Читать онлайн полностью бесплатно Лев Протасов - Красные озера

Красные озера

В отдаленной северной глуши жизнь течет подобно реке – медленно, размеренно и однообразно. До тех пор, пока внутри горы рядом с поселком не начинается строительство медеплавильного завода.

Книга издана в 2019 году.

…все равно истины нет на свете или, быть может, она и была в каком-нибудь растении или в героической твари, но шел дорожный нищий и съел то растение или растоптал гнетущуюся низом тварь, а сам умер затем в осеннем овраге, и тело его выдул ветер в ничто.

Андрей Платонов, «Котлован»

Часть первая. Лиза

Глава первая. Севернее

Дома стояли на черном, как зола, песке, и сами эти дома были черны и изувечены, так что казалось, будто вся земля от излучины реки до линии горизонта выжжена и непригодна для жизни.

Но на земле жили.

Жили какие-то жалкие люди с лошадиными спинами и обветшалыми лицами – притирались друг к дружке вплотную от немого одиночества, копошились у каждого строения, серые как тени. А откуда-то сверху шел дым – невесомостью ложился на плечи да гнул к земле.

__________________________


Селение выглядело столь плачевно далеко не всегда. Оно появилось вокруг озера Шонкар плотным кольцом времянок еще в ту далекую пору, когда крестьяне получили возможность переселяться по своему усмотрению, и впоследствии разрослось даже в небольшую, но вполне благополучную деревушку.

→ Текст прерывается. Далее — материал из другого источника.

(* Let $\psi\in\mathcal W^-$, let $Y$ be a measurable space with finite measures $\mu_k$ ($k\in\mathbb N$) and $\mu$, and let $f_k,f$ be bounded functions on $Y$ that are $\mu_k$-measurable and $\mu$-measurable respectively. If $\int_Y\psi(cf_k)\,d\mu_k\to\int_Y\psi(cf)\,d\mu$ for every $c\in[0,\infty)$, then $\|f_k\|_{\psi,\mu_k}\to\|f\|_{\psi,\mu}$.
   Context: $\mathcal W^-$: functions $\psi:[-\infty,\infty]\to[0,\infty]$, even, continuous on $\mathbb R$, $\psi(0)=0$, $\psi(\pm\infty)=\infty$, smooth, concave, strictly increasing on $(0,\infty)$. For a finite measure $\nu$ and measurable $g$, the weak quasi-norm is $\|g\|_{\psi,\nu}=\inf\{N>0:\int_Y\psi(g/N)\,d\nu\le1\}$. *)

theory Defs
  imports "HOL-Analysis.Analysis"
begin

definition smooth_on_real :: "real set \<Rightarrow> (real \<Rightarrow> real) \<Rightarrow> bool" where
  "smooth_on_real S f \<longleftrightarrow>
     (\<exists>D :: nat \<Rightarrow> real \<Rightarrow> real. D 0 = f \<and>
        (\<forall>n. \<forall>x\<in>S. (D n has_real_derivative D (Suc n) x) (at x)))"

text \<open>The class W^- (restricted to the real line; the convention
  psi(+-infinity) = infinity plays no role for real-valued arguments).\<close>
definition W_minus :: "(real \<Rightarrow> real) \<Rightarrow> bool" where
  "W_minus \<psi> \<longleftrightarrow>
     (\<forall>x. \<psi> x \<ge> 0) \<and>
     (\<forall>x. \<psi> (- x) = \<psi> x) \<and>
     continuous_on UNIV \<psi> \<and>
     \<psi> 0 = 0 \<and>
     smooth_on_real {0<..} \<psi> \<and>
     concave_on {0<..} \<psi> \<and>
     strict_mono_on {0<..} \<psi>"

text \<open>Weak quasi-norm: inf {N > 0 . integral psi(g/N) d nu <= 1}, taken in the
  extended reals (inf of the empty set = infinity).\<close>
definition weak_qnorm :: "(real \<Rightarrow> real) \<Rightarrow> 'a measure \<Rightarrow> ('a \<Rightarrow> real) \<Rightarrow> ereal" where
  "weak_qnorm \<psi> \<nu> g =
     Inf {ereal N | N. N > 0 \<and> (\<integral>\<^sup>+ y. ennreal (\<psi> (g y / N)) \<partial>\<nu>) \<le> 1}"

end

theory Submission
  imports Defs
begin

text \<open>The modular \<open>c \<mapsto> \<integral> \<psi>(c g)\<close> is increasing in \<open>c \<ge> 0\<close>, strictly so unless it
  vanishes. Hence the quasi-norm is the gauge \<open>inf {N > 0. F(N) \<le> 1}\<close> of the antitone
  function \<open>F(N) = \<integral> \<psi>(g/N)\<close>, which drops strictly below 1 right after any point where it
  is at most 1. For such gauges pointwise convergence \<open>F\<^sub>k \<rightarrow> F\<close> suffices: if \<open>N\<close> is
  below the limit gauge then \<open>F(N) > 1\<close>, so eventually \<open>F\<^sub>k(N) > 1\<close> and by monotonicity
  the \<open>k\<close>-th gauge is at least \<open>N\<close>; if \<open>N\<close> is above it then \<open>F(N) < 1\<close>, so eventually
  \<open>F\<^sub>k(N) < 1\<close> and the \<open>k\<close>-th gauge is at most \<open>N\<close>.\<close>

definition luxemburg_gauge :: "(real \<Rightarrow> real) \<Rightarrow> ereal" where
  "luxemburg_gauge F = Inf {ereal N | N. N > 0 \<and> F N \<le> 1}"

lemma luxemburg_gauge_nonneg: "0 \<le> luxemburg_gauge F"
  unfolding luxemburg_gauge_def by (rule Inf_greatest) auto

lemma luxemburg_gauge_le: "0 < N \<Longrightarrow> F N \<le> 1 \<Longrightarrow> luxemburg_gauge F \<le> ereal N"
  unfolding luxemburg_gauge_def by (rule Inf_lower) auto

lemma le_luxemburg_gauge:
  assumes "\<And>M. 0 < M \<Longrightarrow> F M \<le> 1 \<Longrightarrow> N \<le> M"
  shows "ereal N \<le> luxemburg_gauge F"
  unfolding luxemburg_gauge_def using assms by (intro Inf_greatest) auto

lemma eventually_less_luxemburg_gauge:
  assumes lim: "\<And>N. 0 < N \<Longrightarrow> (\<lambda>k. Fk k N) \<longlonglongrightarrow> F N"
    and antimono: "\<And>k M N. 0 < M \<Longrightarrow> M \<le> N \<Longrightarrow> Fk k N \<le> Fk k M"
    and a: "a < luxemburg_gauge F"
  shows "\<forall>\<^sub>F k in sequentially. a < luxemburg_gauge (Fk k)"
proof (cases "a < 0")
  case True
  then show ?thesis
    using luxemburg_gauge_nonneg by (metis always_eventually less_le_trans zero_ereal_def)
next
  case False
  then obtain N :: real where N: "a < ereal N" "ereal N < luxemburg_gauge F"
    using ereal_dense2[OF a] by blast
  with False have "0 < N" by (cases a) auto
  with N have "1 < F N" using luxemburg_gauge_le[of N F] by fastforce
  with lim[OF \<open>0 < N\<close>] have "\<forall>\<^sub>F k in sequentially. 1 < Fk k N"
    by (rule order_tendstoD(1))
  then show ?thesis
  proof eventually_elim
    case (elim k)
    have "N \<le> M" if "0 < M" "Fk k M \<le> 1" for M
      using antimono[OF that(1), of N k] elim that by fastforce
    then have "ereal N \<le> luxemburg_gauge (Fk k)"
      by (rule le_luxemburg_gauge)
    with N show ?case by simp
  qed
qed

lemma eventually_luxemburg_gauge_less:
  assumes lim: "\<And>N. 0 < N \<Longrightarrow> (\<lambda>k. Fk k N) \<longlonglongrightarrow> F N"
    and drop: "\<And>M N. 0 < M \<Longrightarrow> M < N \<Longrightarrow> F M \<le> 1 \<Longrightarrow> F N < 1"
    and b: "luxemburg_gauge F < b"
  shows "\<forall>\<^sub>F k in sequentially. luxemburg_gauge (Fk k) < b"
proof -
  obtain M where M: "0 < M" "F M \<le> 1" "ereal M < b"
    using b unfolding luxemburg_gauge_def Inf_less_iff by blast
  then obtain N :: real where N: "ereal M < ereal N" "ereal N < b"
    using ereal_dense2 by blast
  from M N have "0 < N" "F N < 1"
    using drop[of M N] by simp_all
  then have "\<forall>\<^sub>F k in sequentially. Fk k N < 1"
    using lim by (intro order_tendstoD(2)) auto
  then show ?thesis
  proof eventually_elim
    case (elim k)
    with M N have "luxemburg_gauge (Fk k) \<le> ereal N"
      by (intro luxemburg_gauge_le) auto
    with N show ?case by simp
  qed
qed

lemma tendsto_luxemburg_gauge:
  assumes "\<And>N. 0 < N \<Longrightarrow> (\<lambda>k. Fk k N) \<longlonglongrightarrow> F N"
    and "\<And>k M N. 0 < M \<Longrightarrow> M \<le> N \<Longrightarrow> Fk k N \<le> Fk k M"
    and "\<And>M N. 0 < M \<Longrightarrow> M < N \<Longrightarrow> F M \<le> 1 \<Longrightarrow> F N < 1"
  shows "(\<lambda>k. luxemburg_gauge (Fk k)) \<longlonglongrightarrow> luxemburg_gauge F"
  using eventually_less_luxemburg_gauge[OF assms(1,2)] eventually_luxemburg_gauge_less[OF assms(1,3)]
  by (rule order_tendstoI)

lemma W_minus_nonneg: "W_minus \<psi> \<Longrightarrow> 0 \<le> \<psi> x"
  and W_minus_zero: "W_minus \<psi> \<Longrightarrow> \<psi> 0 = 0"
  and W_minus_continuous: "W_minus \<psi> \<Longrightarrow> continuous_on UNIV \<psi>"
  unfolding W_minus_def by auto

lemma W_minus_abs: "W_minus \<psi> \<Longrightarrow> \<psi> \<bar>x\<bar> = \<psi> x"
  unfolding W_minus_def by (cases "0 \<le> x") auto

lemma W_minus_strict_mono:
  assumes psi: "W_minus \<psi>" and "0 \<le> x" "x < y"
  shows "\<psi> x < \<psi> y"
proof -
  have mono: "strict_mono_on {0<..} \<psi>"
    using psi unfolding W_minus_def by auto
  show ?thesis
  proof (cases "x = 0")
    case True
    have "\<psi> (y / 2) < \<psi> y"
      using assms by (intro strict_mono_onD[OF mono]) auto
    with True show ?thesis
      using W_minus_zero[OF psi] W_minus_nonneg[OF psi, of "y / 2"] by simp
  next
    case False
    with assms show ?thesis by (intro strict_mono_onD[OF mono]) auto
  qed
qed

lemma W_minus_mono: "W_minus \<psi> \<Longrightarrow> 0 \<le> x \<Longrightarrow> x \<le> y \<Longrightarrow> \<psi> x \<le> \<psi> y"
  using W_minus_strict_mono[of \<psi> x y] by (cases "x = y") auto

lemma W_minus_strict_mono_scale:
  assumes psi: "W_minus \<psi>" and cd: "0 \<le> c" "c < d" and "t \<noteq> 0"
  shows "\<psi> (c * t) < \<psi> (d * t)"
proof -
  have "\<psi> (c * t) = \<psi> (c * \<bar>t\<bar>)"
    using W_minus_abs[OF psi, of "c * t"] cd by (simp add: abs_mult)
  also have "\<dots> < \<psi> (d * \<bar>t\<bar>)"
    using cd \<open>t \<noteq> 0\<close> by (intro W_minus_strict_mono[OF psi]) (auto simp: mult_strict_right_mono)
  also have "\<dots> = \<psi> (d * t)"
    using W_minus_abs[OF psi, of "d * t"] cd by (simp add: abs_mult)
  finally show ?thesis .
qed

lemma W_minus_mono_scale:
  "W_minus \<psi> \<Longrightarrow> 0 \<le> c \<Longrightarrow> c \<le> d \<Longrightarrow> \<psi> (c * t) \<le> \<psi> (d * t)"
  using W_minus_strict_mono_scale[of \<psi> c d t] W_minus_zero[of \<psi>]
  by (cases "c = d \<or> t = 0") auto

definition modular :: "(real \<Rightarrow> real) \<Rightarrow> 'a measure \<Rightarrow> ('a \<Rightarrow> real) \<Rightarrow> real \<Rightarrow> real" where
  "modular \<psi> M g c = (\<integral>y. \<psi> (c * g y) \<partial>M)"

lemma integrable_W_minus_scale:
  assumes psi: "W_minus \<psi>" and "finite_measure M" and g: "g \<in> borel_measurable M"
    and "bounded (range g)"
  shows "integrable M (\<lambda>y. \<psi> (c * g y))"
proof -
  interpret finite_measure M by fact
  obtain B where B: "\<And>y. \<bar>g y\<bar> \<le> B"
    using \<open>bounded (range g)\<close> unfolding bounded_real by auto
  have "\<psi> (c * g y) \<le> \<psi> (\<bar>c\<bar> * B)" for y
  proof -
    have "\<psi> (c * g y) = \<psi> \<bar>c * g y\<bar>"
      by (simp add: W_minus_abs[OF psi])
    also have "\<dots> \<le> \<psi> (\<bar>c\<bar> * B)"
      using B[of y] by (intro W_minus_mono[OF psi]) (auto simp: abs_mult mult_left_mono)
    finally show ?thesis .
  qed
  moreover have "(\<lambda>y. \<psi> (c * g y)) \<in> borel_measurable M"
    using borel_measurable_continuous_onI[OF W_minus_continuous[OF psi]] g by measurable
  ultimately show ?thesis
    using W_minus_nonneg[OF psi] by (intro integrable_const_bound[where B="\<psi> (\<bar>c\<bar> * B)"]) auto
qed

lemma modular_mono:
  assumes psi: "W_minus \<psi>" and "finite_measure M" "g \<in> borel_measurable M" "bounded (range g)"
    and "0 \<le> c" "c \<le> d"
  shows "modular \<psi> M g c \<le> modular \<psi> M g d"
  unfolding modular_def using assms integrable_W_minus_scale[OF assms(1-4)]
  by (intro integral_mono W_minus_mono_scale) auto

lemma modular_strict_mono:
  assumes psi: "W_minus \<psi>" and "finite_measure M" and g: "g \<in> borel_measurable M"
    and "bounded (range g)" and cd: "0 \<le> c" "c < d" and nonzero: "modular \<psi> M g d \<noteq> 0"
  shows "modular \<psi> M g c < modular \<psi> M g d"
proof -
  interpret finite_measure M by fact
  let ?A = "{y \<in> space M. g y \<noteq> 0}"
  have A: "?A \<in> sets M" using g by measurable
  have "emeasure M ?A \<noteq> 0"
  proof
    assume "emeasure M ?A = 0"
    then have "AE y in M. g y = 0"
      using A by (intro AE_I[of _ _ ?A]) auto
    then have "AE y in M. \<psi> (d * g y) = 0"
      by eventually_elim (simp add: W_minus_zero[OF psi])
    then have "modular \<psi> M g d = 0"
      unfolding modular_def using integral_cong_AE[of "\<lambda>y. \<psi> (d * g y)" M "\<lambda>_. 0"] g
      using borel_measurable_integrable[OF integrable_W_minus_scale[OF assms(1-4)]] by simp
    with nonzero show False ..
  qed
  then show ?thesis
    unfolding modular_def using integrable_W_minus_scale[OF assms(1-4)] cd
    by (intro integral_less_AE[OF _ _ _ A])
      (auto intro!: AE_I2 W_minus_mono_scale[OF psi] dest: W_minus_strict_mono_scale[OF psi])
qed

lemma modular_inverse_less_one:
  assumes psi: "W_minus \<psi>" and "finite_measure M" "g \<in> borel_measurable M" "bounded (range g)"
    and MN: "0 < a" "a < b" and le: "modular \<psi> M g (1 / a) \<le> 1"
  shows "modular \<psi> M g (1 / b) < 1"
proof (cases "modular \<psi> M g (1 / a) = 0")
  case True
  have "modular \<psi> M g (1 / b) \<le> modular \<psi> M g (1 / a)"
    using MN by (intro modular_mono[OF assms(1-4)]) (auto intro: divide_left_mono)
  with True show ?thesis by simp
next
  case False
  have "1 / b < 1 / a"
    using MN by (simp add: frac_less2)
  then have "modular \<psi> M g (1 / b) < modular \<psi> M g (1 / a)"
    using MN False by (intro modular_strict_mono[OF assms(1-4)]) simp_all
  with le show ?thesis by simp
qed

lemma weak_qnorm_eq_luxemburg_gauge:
  assumes psi: "W_minus \<psi>" and "finite_measure M" "g \<in> borel_measurable M" "bounded (range g)"
  shows "weak_qnorm \<psi> M g = luxemburg_gauge (\<lambda>N. modular \<psi> M g (1 / N))"
proof -
  have "(\<integral>\<^sup>+ y. ennreal (\<psi> (g y / N)) \<partial>M) = ennreal (modular \<psi> M g (1 / N))" for N
    unfolding modular_def using integrable_W_minus_scale[OF assms, of "1 / N"] W_minus_nonneg[OF psi]
    by (subst nn_integral_eq_integral[symmetric]) auto
  then show ?thesis
    unfolding weak_qnorm_def luxemburg_gauge_def by (simp add: ennreal_le_1)
qed

theorem lemma2p7:
  fixes \<psi> :: "real \<Rightarrow> real"
    and \<mu>k :: "nat \<Rightarrow> 'a measure" and \<mu> :: "'a measure"
    and fk :: "nat \<Rightarrow> 'a \<Rightarrow> real" and f :: "'a \<Rightarrow> real"
  assumes psi: "W_minus \<psi>"
    and sets_eq: "\<And>k. sets (\<mu>k k) = sets \<mu>"
    and fin_k: "\<And>k. finite_measure (\<mu>k k)"
    and fin: "finite_measure \<mu>"
    and meas_k: "\<And>k. fk k \<in> borel_measurable (\<mu>k k)"
    and meas: "f \<in> borel_measurable \<mu>"
    and bdd_k: "\<And>k. bounded (range (fk k))"
    and bdd: "bounded (range f)"
    and conv: "\<And>c::real. c \<ge> 0 \<Longrightarrow>
       (\<lambda>k. \<integral>y. \<psi> (c * fk k y) \<partial>(\<mu>k k)) \<longlonglongrightarrow> (\<integral>y. \<psi> (c * f y) \<partial>\<mu>)"
  shows "(\<lambda>k. weak_qnorm \<psi> (\<mu>k k) (fk k)) \<longlonglongrightarrow> weak_qnorm \<psi> \<mu> f"
  unfolding weak_qnorm_eq_luxemburg_gauge[OF psi fin meas bdd]
    weak_qnorm_eq_luxemburg_gauge[OF psi fin_k meas_k bdd_k]
proof (rule tendsto_luxemburg_gauge)
  fix N :: real assume "0 < N"
  then show "(\<lambda>k. modular \<psi> (\<mu>k k) (fk k) (1 / N)) \<longlonglongrightarrow> modular \<psi> \<mu> f (1 / N)"
    unfolding modular_def by (intro conv) simp
next
  fix k and M N :: real assume "0 < M" "M \<le> N"
  then show "modular \<psi> (\<mu>k k) (fk k) (1 / N) \<le> modular \<psi> (\<mu>k k) (fk k) (1 / M)"
    by (intro modular_mono[OF psi fin_k meas_k bdd_k]) (auto intro: divide_left_mono)
next
  fix M N :: real assume "0 < M" "M < N" "modular \<psi> \<mu> f (1 / M) \<le> 1"
  then show "modular \<psi> \<mu> f (1 / N) < 1"
    by (rule modular_inverse_less_one[OF psi fin meas bdd])
qed

end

К слову, озеро носило свое имя задолго до появления деревни. Шонкар, как известно, с башкирского наречия – кречет, сокол. Однако в здешних краях ни кречетов, ни башкир никогда не бывало – можно лишь предположить, что некий путешественник, впервые обнаруживший водоем, подарил ему название на языке своих предков, отсюда вся неразбериха. Впрочем, достоверно это никому неизвестно, а уж как случилось на самом деле – кто знает, прошлое вообще туманно.

Селение основали крестьяне, сошедшие с насиженных мест в поисках лучшей жизни. Да и пришли-то, вероятно, с близлежащих разоренных поместий, где с голоду помирали.

Лучшей жизни бродяги, конечно, так никогда не увидели, но, по крайней мере, обустроились не хуже ранешнего.

Неизвестно, почему выбор их пал на местность настолько сомнительную – озерцо, как водица на дне стакана, плескалось на дне земляной язвы, пробуравленной временем и ветрами в центре старой разрушенной горы. Оно питалось от обильных подземных вод, которые просачивались наружу и наполняли собой все впадины и ямы. Там, где вода стояла подолгу, образовывались небольшие ставкѝ. Всюду кругом них горбились зубчатые холмики, а поверхность была каменистая да нищая.

Хотя были и кое-какие преимущества. Склоны старой горы защищали от ветров и приходящих с ветрами напастей – вроде резких заморозков или чересчур обильных осадков. И пришлые люди выбрали участок под пашню, поближе к реке, впадающей в озеро, очистили тамошнюю почву от камней, научились правильно ее обрабатывать и удобрять – со временем урожай всходил сносный. Выращивали картофель для себя да мелкую пшеницу для скотины.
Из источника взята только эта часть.